Opening a restaurant at a private property owners’ club is an entirely different experience than opening a restaurant on upper King Street, where chef Mike Lata last launched a new project. At The Kiawah Island Club, he had a built-in audience, a view of the Atlantic Ocean and the ability to develop ideas gradually without “risk of criticism from the paper or anyone else for that matter.”
But there are also overlaps between Lata’s downtown restaurants and newly opened The B-Liner, which has reportedly been an instant hit with club members.
Just as at FIG and The Ordinary, the menu emphasizes locally sourced seafood and produce, with ceviche, pickled shrimp and carrot hummus taking the place of the expected meat and potatoes. The restaurant’s overt alignment with the local food movement is “something that is not often seen at clubs,” Kiawah Partners partner Chris Randolph is quoted as saying in a statement.
“It’s fun to expose people to local food,” Lata says, allowing that the region’s farmers and fishermen, as well as the water and land they work, stand to benefit if “people who have political influence” have more opportunities to experience their harvests.
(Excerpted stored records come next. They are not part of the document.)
lemma qexp_mat_tendsto_one:
  assumes q: "0 \<le> q" "q < 1" and A: "A \<in> carrier_mat N N" and a: "a < N" and b: "b < N"
    and z: "cmod z * mat_entry_norm A \<le> 1/2"
  shows "(\<lambda>J. qexp_mat q A (complex_of_real q ^ J * z) $$ (a,b)) \<longlonglongrightarrow> 1\<^sub>m N $$ (a,b)"
proof (rule LIM_zero_cancel, rule Lim_null_comparison)
  show "\<forall>\<^sub>F J in sequentially. norm (qexp_mat q A (complex_of_real q ^ J * z) $$ (a,b) - 1\<^sub>m N $$ (a,b))
          \<le> 2 * (q ^ J * cmod z * mat_entry_norm A)"
  proof (rule always_eventually, rule allI)
    fix J
    have "cmod (complex_of_real q ^ J * z) * mat_entry_norm A \<le> 1/2"
      using norm_qpow_mult_le[OF q, of J z] z mat_entry_norm_nonneg[of A]
      by (meson mult_right_mono order_trans)
    from norm_qexp_mat_minus_one_le[OF q(1) A a b this]
    show "norm (qexp_mat q A (complex_of_real q ^ J * z) $$ (a,b) - 1\<^sub>m N $$ (a,b))
          \<le> 2 * (q ^ J * cmod z * mat_entry_norm A)"
      using q by (simp add: norm_mult norm_power)
  qed
  have "(\<lambda>J. q ^ J) \<longlonglongrightarrow> 0" using q by (intro LIMSEQ_power_zero) simp
  then show "(\<lambda>J. 2 * (q ^ J * cmod z * mat_entry_norm A)) \<longlonglongrightarrow> 0"
    by (intro tendsto_mult_right_zero tendsto_mult_left_zero)
qed

lemma qpartial_tendsto_qexp_mat:
  assumes q: "0 \<le> q" "q < 1" and A: "A \<in> carrier_mat N N"
    and d: "\<And>j. Determinant.det (1\<^sub>m N - (complex_of_real (1 - q) * z * complex_of_real q ^ j) \<cdot>\<^sub>m A) \<noteq> 0"
    and z: "cmod z * mat_entry_norm A \<le> 1/2" and i: "i < N" and k: "k < N"
  shows "(\<lambda>J. qpartial q A z J $$ (i,k)) \<longlonglongrightarrow> qexp_mat q A z $$ (i,k)"
  using z by (intro tendsto_of_mult_tendsto_one[OF qpartial_carrier[OF A d] qexp_mat_carrier[OF A]
      qexp_mat_carrier[OF A] qpartial_mult_qexp_mat[OF q A d] qexp_mat_tendsto_one[OF q A] i k]) auto

lemma eventually_qfactors_nonsingular:
  assumes q: "0 \<le> q" "q < 1" and A: "A \<in> carrier_mat N N"
  shows "\<forall>\<^sub>F z in nhds 0. cmod z * mat_entry_norm A < 1/2 \<and>
     (\<forall>j. Determinant.det (1\<^sub>m N - (complex_of_real (1 - q) * z * complex_of_real q ^ j) \<cdot>\<^sub>m A) \<noteq> 0)"
proof -
  obtain \<delta> where \<delta>: "\<delta> > 0" "\<And>t. cmod t < \<delta> \<Longrightarrow> Determinant.det (1\<^sub>m N - t \<cdot>\<^sub>m A) \<noteq> 0"
    using det_one_minus_smult_nonzero_near_0[OF A] by blast
  have "((\<lambda>z. cmod z * mat_entry_norm A) \<longlongrightarrow> 0) (nhds (0 :: complex))"
    by (auto intro!: tendsto_eq_intros filterlim_ident)
  then have "\<forall>\<^sub>F z in nhds 0. cmod z * mat_entry_norm A < 1/2"
    by (rule order_tendstoD) simp
  moreover have "\<forall>\<^sub>F z in nhds 0. cmod z < \<delta>"
    using \<delta>(1) by (auto simp: eventually_nhds_0_iff_norm)
  ultimately show ?thesis
  proof eventually_elim
    case (elim z)
    have "cmod (complex_of_real (1 - q) * z * complex_of_real q ^ j) \<le> cmod z" for j
      using q mult_left_le_one_le[of "cmod z" "(1 - q) * q ^ j"] mult_le_one[of "1 - q" "q ^ j"]
      by (simp add: norm_mult norm_power power_le_one ac_simps del: of_real_diff)
    then show ?case using elim \<delta>(2) le_less_trans by blast
  qed
qed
A lengthy preview of the restaurant in Kiawah Island Real Estate’s magazine featured fisherman Mark Marhefka, shrimper Cindy Tarvin and Barrier Island Oyster Co., along with Lata.
In addition to working with longtime suppliers, Lata brought in architect David Thompson to design The B-Liner, which features white-washed cypress walls and white oak floors. It’s unique among Lata’s restaurants in making use of sunshine as a major aesthetic element.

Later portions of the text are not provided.